Many curious details of the actors' dresses have come down to us. The representative of Christ wore a coat of white leather, painted and gilded, and a gilt wig. King Herod wore a mask and a helmet, sometimes of iron, adorned with gold and silver foil, and bore a sword and a sceptre. He was a very important character, and the manner in which he blustered and raged about the stage became proverbial. In Hamlet (iii. 2. 16) we have the expression, "It out-herods Herod"; and in the Merry Wives of Windsor (ii. 1. 20), "What a Herod of Jewry is this!"
All the actors were paid for their services, the amount varying with the importance of the part. The same actor, as in the theatres of Shakespeare's day, often played several parts. In addition to the payment of money, there was a plentiful supply of refreshments, especially of ale, for the actors. Pilate, who received the highest pay of the company, was moreover allowed wine instead of ale during the performance.
Reference has been made above to the "lost souls" in connection with Hell-Mouth. There were also "saved souls," who were dressed in white, as the lost were in black, or black and yellow. There is an allusion to the latter in Henry V. (ii. 3. 43), where the flea on Bardolph's rubicund nose is compared to "a black soul burning in hell-fire."

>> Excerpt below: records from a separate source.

text \<open>In a naturally labelled poset on \<open>[m + 1]\<close> the element \<open>m + 1\<close> is maximal. Deleting it
  leaves a \<open>3\<close>-free naturally labelled poset \<open>r\<close> on \<open>[m]\<close>, and because there are no \<open>3\<close>-chains
  the elements below \<open>m + 1\<close> form a set \<open>D\<close> of minimal elements of \<open>r\<close>; conversely every such
  pair \<open>(r, D)\<close> arises. The new element is minimal exactly when \<open>D = {}\<close>, and otherwise the
  minimal elements are those of \<open>r\<close>. So a poset with \<open>k\<close> minimal elements has one extension with
  \<open>k + 1\<close> and \<open>2^k - 1\<close> extensions with \<open>k\<close> minimal elements, which is the recurrence of \<open>S\<^sub>2\<close>.
  Read column by column, the recurrence says that the coefficient \<open>F\<^sub>k(z)\<close> of \<open>y^k\<close> in \<open>F\<close>
  satisfies \<open>F\<^sub>k = z F\<^sub>k\<^sub>-\<^sub>1 + (2^k - 1) z F\<^sub>k\<close>, which gives both generating function identities.\<close>

lemma card_Pow_filter_if_empty:
  assumes "finite M"
  shows "card {D \<in> Pow M. (if D = {} then a else b) = k}
           = of_bool (a = k) + of_bool (b = k) * (2 ^ card M - 1)"
proof -
  have nonempty: "card (Pow M - {{}}) = 2 ^ card M - 1"
    using assms by (subst card_Diff_singleton) (auto simp: card_Pow)
  have "{D \<in> Pow M. (if D = {} then a else b) = k} =
      (if a = k then {{}} else {}) \<union> (if b = k then Pow M - {{}} else {})"
    by auto
  also have "card \<dots> = of_bool (a = k) + of_bool (b = k) * card (Pow M - {{}})"
    using assms by (subst card_Un_disjoint) auto
  finally show ?thesis
    by (simp only: nonempty)
qed

lemma card_filter_bij_betw:
  assumes "bij_betw f A B"
  shows "card {y \<in> B. P y} = card {x \<in> A. P (f x)}"
proof -
  have "f ` {x \<in> A. P (f x)} = {y \<in> B. P y}"
    using bij_betw_imp_surj_on[OF assms] by blast
  then have "bij_betw f {x \<in> A. P (f x)} {y \<in> B. P y}"
    using assms by (rule bij_betw_subset[rotated 2]) auto
  then show ?thesis
    by (simp add: bij_betw_same_card)
qed

lemma partial_order_on_Restr:
  assumes "partial_order_on A r" and "B \<subseteq> A"
  shows "partial_order_on B (Restr r B)"
  using assms trans_Restr antisym_Restr
  unfolding partial_order_on_def preorder_on_def refl_on_def by blast

lemma naturally_labelled_mono: "r \<subseteq> s \<Longrightarrow> naturally_labelled s \<Longrightarrow> naturally_labelled r"
  unfolding naturally_labelled_def by blast

lemma three_free_mono: "r \<subseteq> s \<Longrightarrow> three_free s \<Longrightarrow> three_free r"
  unfolding three_free_def by blast

definition three_free_posets :: "nat \<Rightarrow> nat rel set" where
  "three_free_posets n =
     {r. partial_order_on {1..n} r \<and> naturally_labelled r \<and> three_free r}"

definition strictly_below :: "nat rel \<Rightarrow> nat \<Rightarrow> nat set" where
  "strictly_below r x = {y. (y, x) \<in> r} - {x}"

definition add_top :: "nat rel \<Rightarrow> nat \<Rightarrow> nat set \<Rightarrow> nat rel" where
  "add_top r x D = r \<union> insert (x, x) (D \<times> {x})"

lemma three_free_posets_subset:
  "r \<in> three_free_posets n \<Longrightarrow> r \<subseteq> {1..n} \<times> {1..n}"
  unfolding three_free_posets_def using partial_order_onD(4) by blast

lemma finite_three_free_posets: "finite (three_free_posets n)"
proof (rule finite_subset)
  show "three_free_posets n \<subseteq> Pow ({1..n} \<times> {1..n})"
    using three_free_posets_subset by blast
qed simp

lemma p_eq_card_three_free_posets:
  "p n k = card {r \<in> three_free_posets n. card (minimal_elements n r) = k}"
  unfolding p_def three_free_posets_def by (rule arg_cong[where f = card]) auto

lemma minimal_elements_subset: "minimal_elements n r \<subseteq> {1..n}"
  unfolding minimal_elements_def by auto

lemma finite_minimal_elements: "finite (minimal_elements n r)"
  using minimal_elements_subset by (rule finite_subset) simp

lemma add_top_in_three_free_posets:
  assumes r: "r \<in> three_free_posets m" and D: "D \<subseteq> minimal_elements m r"
  shows "add_top r (Suc m) D \<in> three_free_posets (Suc m)"
proof -
  have sub: "r \<subseteq> {1..m} \<times> {1..m}"
    using three_free_posets_subset[OF r] .
  have po: "refl_on {1..m} r" "trans r" "antisym r" "naturally_labelled r" "three_free r"
    using r unfolding three_free_posets_def partial_order_on_def preorder_on_def by auto
  have D_min: "\<And>x y. x \<in> D \<Longrightarrow> (y, x) \<in> r \<Longrightarrow> y = x" and D_sub: "D \<subseteq> {1..m}"
    using D unfolding minimal_elements_def by auto
  let ?e = "add_top r (Suc m) D"
  have "?e \<subseteq> {1..Suc m} \<times> {1..Suc m}"
    using sub D_sub unfolding add_top_def by auto
  moreover have "refl_on {1..Suc m} ?e"
    using po(1) unfolding add_top_def refl_on_def by (auto simp: le_Suc_eq)
  moreover have "trans ?e"
  proof (rule transI)
    fix a b c
    assume "(a, b) \<in> ?e" "(b, c) \<in> ?e"
    then show "(a, c) \<in> ?e"
      using sub D_sub D_min po(2) unfolding add_top_def by (auto dest: transD)
  qed
  moreover have "antisym ?e"
    using po(3) sub D_sub unfolding add_top_def antisym_def by fastforce
  moreover have "naturally_labelled ?e"
    using po(4) sub D_sub unfolding add_top_def naturally_labelled_def by auto
  moreover have "three_free ?e"
    using po(5) sub D_sub D_min unfolding add_top_def three_free_def by fastforce
  ultimately show ?thesis
    unfolding three_free_posets_def partial_order_on_def preorder_on_def by auto
qed

lemma Restr_in_three_free_posets:
  assumes "r \<in> three_free_posets (Suc m)"
  shows "Restr r {1..m} \<in> three_free_posets m"
  using assms partial_order_on_Restr[of "{1..Suc m}" r "{1..m}"]
    naturally_labelled_mono[of "Restr r {1..m}" r] three_free_mono[of "Restr r {1..m}" r]
  unfolding three_free_posets_def by auto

The Devil wore a dress of black leather, with a mask, and carried a club, with which he laid about him vigorously. His clothes were often covered with feathers or horsehair, to give him a shaggy appearance; and the traditional horns, tail, and cloven feet were sometimes added.
The regular time for these religious pageants was Corpus Christi Day, or the Thursday after Trinity Sunday, but they were occasionally performed on other days, especially at the time of a royal visit to Coventry, like that of Queen Margaret in 1455. Prince Edward was thus greeted in 1474, Prince Arthur in 1498, Henry VIII. in 1510, and Queen Elizabeth in 1565.
Shakespeare has other allusions to these old plays besides those here mentioned, showing that he knew them by report if he had not seen them.
Historical pageants, not Biblical in subject, were also familiar to the good people of Coventry a century at least before the dramatist was born. "The Nine Worthies," which he has burlesqued in Love's Labour's Lost, was acted there before Henry VI. and his queen in 1455. The original text of the play has been preserved, and portions of Shakespeare's travesty seem almost like a parody of it.
But we must not linger in the shadow of the "three tall spires" of Coventry, nor make more than a brief allusion to the legend of Godiva, the lady who rode naked through the town to save the people from a burdensome tax. It was an old story in Shakespeare's time, if, indeed, it had not been dramatized, like other chapters in the mythic annals of the venerable city. It has been proved to be without historical foundation, being mentioned by no writer before the fourteenth century, though the Earl who figures in the tale lived in the latter part of the eleventh century. The Benedictine Priory in Coventry, of which some fragments still remain, is said to have been founded by him in 1043. He died in 1057, and both he and his lady were buried in the porch of the monastery.
The effigy of "Peeping Tom" is still to be seen in the upper part of a house at the corner of Hertford Street in Coventry.
Shakespeare makes no reference to this story of Lady Godiva, though it was probably well known to him.